3 Essential Lease Terms to Consider in a Commercial Office Lease

A commercial office lease can be a complex document to navigate. There are many lease terms in a commercial lease agreement that can greatly impact on the tenant’s business. Of course, lease terms like operating expenses and rental rate are usually easy to understand. However, commercial office lease agreements can become very complex.

In this article, you will find out about some of the most important lease terms that you need to know before signing any contract with a commercial real estate broker or landlord.

Length of term

First, tenants need to have a long-term plan before they sign any contract or agreement. Businesses that are well-established prefer longer-term leases to help them plan for the future. High-growth companies or startups may prefer short-term leases to give them the flexibility to expand.

The term length needs to define rent renewal options and also “fair market rent” to allow for rent increases within the timeframe of the contract.
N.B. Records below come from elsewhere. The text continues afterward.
lemma Rq_le_Rmax:
  assumes "S \<subseteq> {1..n}" and "x \<le> qsum q S"
  shows "real_of_int (Rq q S) \<le> Rmax"
proof -
  have "S \<noteq> {}" using assms(2) x_pos by (auto simp: qsum_def)
  have "{Rq q S | S. S \<subseteq> {1..n} \<and> S \<noteq> {} \<and> qsum q S \<ge> x} \<subseteq> Rq q ` Pow {1..n}"
    by auto
  then have "finite {Rq q S | S. S \<subseteq> {1..n} \<and> S \<noteq> {} \<and> qsum q S \<ge> x}"
    by (rule finite_subset) simp
  with assms \<open>S \<noteq> {}\<close> show ?thesis
    unfolding Rmax_def of_int_le_iff by (intro Max_ge) auto
qed

lemma Rmax_nonneg: "0 \<le> Rmax"
proof -
  have "q 1 \<le> qmax q {1..n}"
    using n_pos by (auto simp: qmax_def)
  then have "0 \<le> qsum q {1..n} / (2 * qmax q {1..n})"
    using q_nonneg[of 1] n_pos qsum_all by simp
  then have "0 \<le> Rq q {1..n}"
    by (simp add: Rq_def)
  then show ?thesis
    using Rq_le_Rmax[of "{1..n}"] qsum_all x_less_1 by simp
qed

definition sorted_entries :: "real list" where
  "sorted_entries = sort (map q [1..<n+1])"

lemma length_sorted_entries: "length sorted_entries = n"
  by (simp add: sorted_entries_def)

lemma sorted_entries_nonneg: "\<forall>a\<in>set sorted_entries. 0 \<le> a"
  using q_nonneg by (auto simp: sorted_entries_def)
lemma Ew_mult_indicator:
  assumes "finite Om"
  shows "Ew \<alpha> B Om (\<lambda>p. f p * indicator E p) = (\<Sum>p\<in>Om \<inter> E. wt \<alpha> B p * f p) / Zsum \<alpha> B Om"
  unfolding Ew_def sum.inter_restrict[OF assms] by (auto simp: indicator_def intro!: sum.cong)

lemma Ew_const_one: "Ew \<alpha> B Om (\<lambda>_. 1) = (if Zsum \<alpha> B Om = 0 then 0 else 1)"
  by (simp add: Ew_def Zsum_def)

lemma Pw_eq_Ew_indicator: "finite Om \<Longrightarrow> Pw \<alpha> B Om E = Ew \<alpha> B Om (indicator E)"
  using Ew_mult_indicator[of Om \<alpha> B "\<lambda>_. 1" E] by (simp add: Pw_def)

definition glue :: "'a set \<Rightarrow> ('a \<Rightarrow> 'b) \<Rightarrow> ('a \<Rightarrow> 'b) \<Rightarrow> 'a \<Rightarrow> 'b" where
  "glue A p q = (\<lambda>y. if y \<in> A then q y else p y)"

definition id_outside :: "'a set \<Rightarrow> ('a \<Rightarrow> 'a) \<Rightarrow> 'a \<Rightarrow> 'a" where
  "id_outside C p = (\<lambda>y. if y \<in> C then p y else y)"

lemma glue_id_outside:
  assumes "\<forall>y. y \<notin> V \<longrightarrow> p y = y"
  shows "glue A (id_outside (V - A) p) (id_outside A p) = p"
  using assms by (auto simp: glue_def id_outside_def fun_eq_iff)

lemma id_outside_glue_outside:
  assumes "\<forall>y. y \<notin> V - A \<union> {x} \<longrightarrow> p y = y" and "p x = x"
  shows "id_outside (V - A) (glue A p q) = p"
  unfolding glue_def id_outside_def fun_eq_iff using assms by (metis Diff_iff Un_iff singletonD)

lemma id_outside_glue_inside:
  assumes "\<forall>y. y \<notin> A \<longrightarrow> q y = y"
  shows "id_outside A (glue A p q) = q"
  using assms by (auto simp: glue_def id_outside_def fun_eq_iff)

context
  fixes n d :: nat and V A :: "pt set" and a x :: pt
  assumes V_sub: "V \<subseteq> Lam n d" and A_sub: "A \<subseteq> V" and a_in: "a \<in> V - A" and x_in: "x \<in> A"
begin

lemma finite_V: "finite V"
  using V_sub finite_Lam by (rule finite_subset)

lemma glue_in_Smaps:
  assumes p: "p \<in> Smaps n d (V - A \<union> {x}) a x" and q: "q \<in> Smaps n d A x z"
  shows "glue A p q \<in> Smaps n d V a z"
proof -
  let ?B = "V - A \<union> {x}" and ?g = "glue A p q"
  have z: "z \<in> A" using q by (simp add: Smaps_def)
  have "bij_betw ?g (A - {z}) (A - {x})"
    using q bij_betw_cong[of "A - {z}" ?g q] by (simp add: Smaps_def glue_def)
  moreover have "bij_betw ?g (?B - {x}) (?B - {a})"
    using p bij_betw_cong[of "?B - {x}" ?g p] by (simp add: Smaps_def glue_def)
  ultimately have "bij_betw ?g ((A - {z}) \<union> (?B - {x})) ((A - {x}) \<union> (?B - {a}))"
    by (rule bij_betw_combine) (use a_in in auto)
  moreover have "(A - {z}) \<union> (?B - {x}) = V - {z}" "(A - {x}) \<union> (?B - {a}) = V - {a}"
    using A_sub z x_in a_in by auto
  ultimately have "bij_betw ?g (V - {z}) (V - {a})" by simp
  moreover have "?g ` V \<subseteq> V" using p q A_sub x_in by (auto simp: Smaps_def glue_def)
  ultimately show ?thesis
    using p q z A_sub a_in x_in by (auto simp: Smaps_def glue_def)
qed

lemma glue_first_in:
  assumes p: "p \<in> Smaps n d (V - A \<union> {x}) a x"
  shows "(\<exists>j. (glue A p q ^^ j) a \<in> A) \<and> first_in (glue A p q) a A = x"
proof -
  let ?B = "V - A \<union> {x}" and ?g = "glue A p q"
  have "\<exists>k. (p ^^ k) a = x" using finite_V p by (intro Smaps_orbit_reaches_endpoint) auto
  define k where "k = (LEAST k. (p ^^ k) a = x)"
  have pk: "(p ^^ k) a = x" unfolding k_def by (rule LeastI_ex) fact
  have before: "(p ^^ j) a \<in> V - A" if "j < k" for j
  proof -
    have "(p ^^ j) a \<noteq> x" using not_less_Least[OF that[unfolded k_def]] by blast
    moreover have "(p ^^ j) a \<in> ?B" using p a_in by (intro funpow_in_invariant) (auto simp: Smaps_def)
    ultimately show ?thesis by blast
  qed
  have agree: "(?g ^^ j) a = (p ^^ j) a" if "j \<le> k" for j
    using that by (induction j) (auto simp: glue_def Suc_le_eq dest: before)
  have gk: "(?g ^^ k) a = x" using agree[of k] pk by simp
  have "first_in ?g a A = (?g ^^ k) a"
    using agree before gk x_in by (intro first_in_eqI) auto
  then show ?thesis using gk x_in by metis
qed

lemma Smaps_hitting_point_preimage:
  assumes \<pi>: "\<pi> \<in> Smaps n d V a z" and hit: "(\<pi> ^^ j) a \<in> A" and first: "first_in \<pi> a A = x"
  obtains q where "q \<in> V - A" "\<pi> q = x"
proof -
  have "a \<notin> A" using a_in by simp
  then obtain m where "(\<pi> ^^ m) a \<notin> A" "\<pi> ((\<pi> ^^ m) a) = first_in \<pi> a A"
    by (rule first_in_preimage_outside[OF _ hit])
  moreover have "(\<pi> ^^ m) a \<in> V" using \<pi> a_in by (intro funpow_in_invariant) (auto simp: Smaps_def)
  ultimately show thesis using that first by blast
qed

text \<open>If the endpoint z lay outside the invariant set A, then \<pi> would permute A, and x
  would have a second preimage inside A besides the one outside A.\<close>
lemma Smaps_endpoint_in_invariant:
  assumes \<pi>: "\<pi> \<in> Smaps n d V a z" and inv: "\<pi> ` A \<subseteq> A" and q: "q \<in> V - A" "\<pi> q = x"
  shows "z \<in> A"
proof (rule ccontr)
  assume z: "z \<notin> A"
  have inj: "inj_on \<pi> (V - {z})" using \<pi> by (auto simp: Smaps_def bij_betw_def)
  have "\<pi> ` A = A"
    using finite_V A_sub z inv by (intro endo_inj_surj inj_on_subset[OF inj]) (auto intro: finite_subset)
  then have "x \<in> \<pi> ` A" using x_in by simp
  then obtain w where w: "w \<in> A" "\<pi> w = \<pi> q" using q by auto
  moreover have "q \<noteq> z" using q \<pi> x_in z by (auto simp: Smaps_def)
  ultimately have "w = q" using inj A_sub q z by (auto dest: inj_onD)
  then show False using w q by auto
qed

lemma Smaps_split_images:
  assumes \<pi>: "\<pi> \<in> Smaps n d V a z" and inv: "\<pi> ` A \<subseteq> A" and q: "q \<in> V - A" "\<pi> q = x"
    and z: "z \<in> A"
  shows "\<pi> ` (A - {z}) = A - {x}" and "\<pi> ` (V - A) = V - A \<union> {x} - {a}"
proof -
  have inj: "inj_on \<pi> (V - {z})" and img: "\<pi> ` (V - {z}) = V - {a}"
    using \<pi> by (auto simp: Smaps_def bij_betw_def)
  have fA: "finite A" by (rule finite_subset[OF A_sub finite_V])
  have "\<pi> ` (A - {z}) \<subseteq> A - {x}"
  proof
    fix v assume "v \<in> \<pi> ` (A - {z})"
    then obtain w where w: "w \<in> A - {z}" "v = \<pi> w" by blast
    have "\<pi> w \<noteq> \<pi> q" using inj w q z A_sub by (auto dest: inj_onD)
    then show "v \<in> A - {x}" using w inv q by auto
  qed
  moreover have "inj_on \<pi> (A - {z})" using inj A_sub by (blast intro: inj_on_subset)
  then have "card (\<pi> ` (A - {z})) = card (A - {x})" using fA z x_in by (simp add: card_image)
  ultimately show inside: "\<pi> ` (A - {z}) = A - {x}" using fA by (intro card_subset_eq) auto
  have "V - A = (V - {z}) - (A - {z})" using z by blast
  then have "\<pi> ` (V - A) = \<pi> ` (V - {z}) - \<pi> ` (A - {z})"
    using inj_on_image_set_diff[OF inj, of "V - {z}" "A - {z}"] A_sub by auto
  then show "\<pi> ` (V - A) = V - A \<union> {x} - {a}" using img inside a_in x_in A_sub by auto
qed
Useable square feet vs. rentable square feet

It is also important to know exactly what your rent covers in the lease agreement. If you are a tenant in a large office building, you will usually have to pay rentable square feet. The difference of useable square feet and rentable square feet is that the later include rent for common spaces like corridors, restrooms, the lobby, and elevators.

Other expenses to include in the rent agreement include:

  • Janitorial services
  • Utilities for communal services
  • Tenant electricity costs
  • Maintenance of HVAC units.

Right to leave

Every tenant needs to make sure that there is an exit strategy in the lease should they face challenges in the future. This could be cash-flow problems or the need to expand to larger premises. However, it can sometimes be difficult for a tenant to get a favorable exit strategy written into the lease, especially in a competitive market.

One clause that can benefit a tenant’s right to leave is subleasing. Some landlords allow the tenant to sublease the floor space to another tenant if they need to expand their business. However, most CRE leases still hold the original tenant to care for all the lease obligations.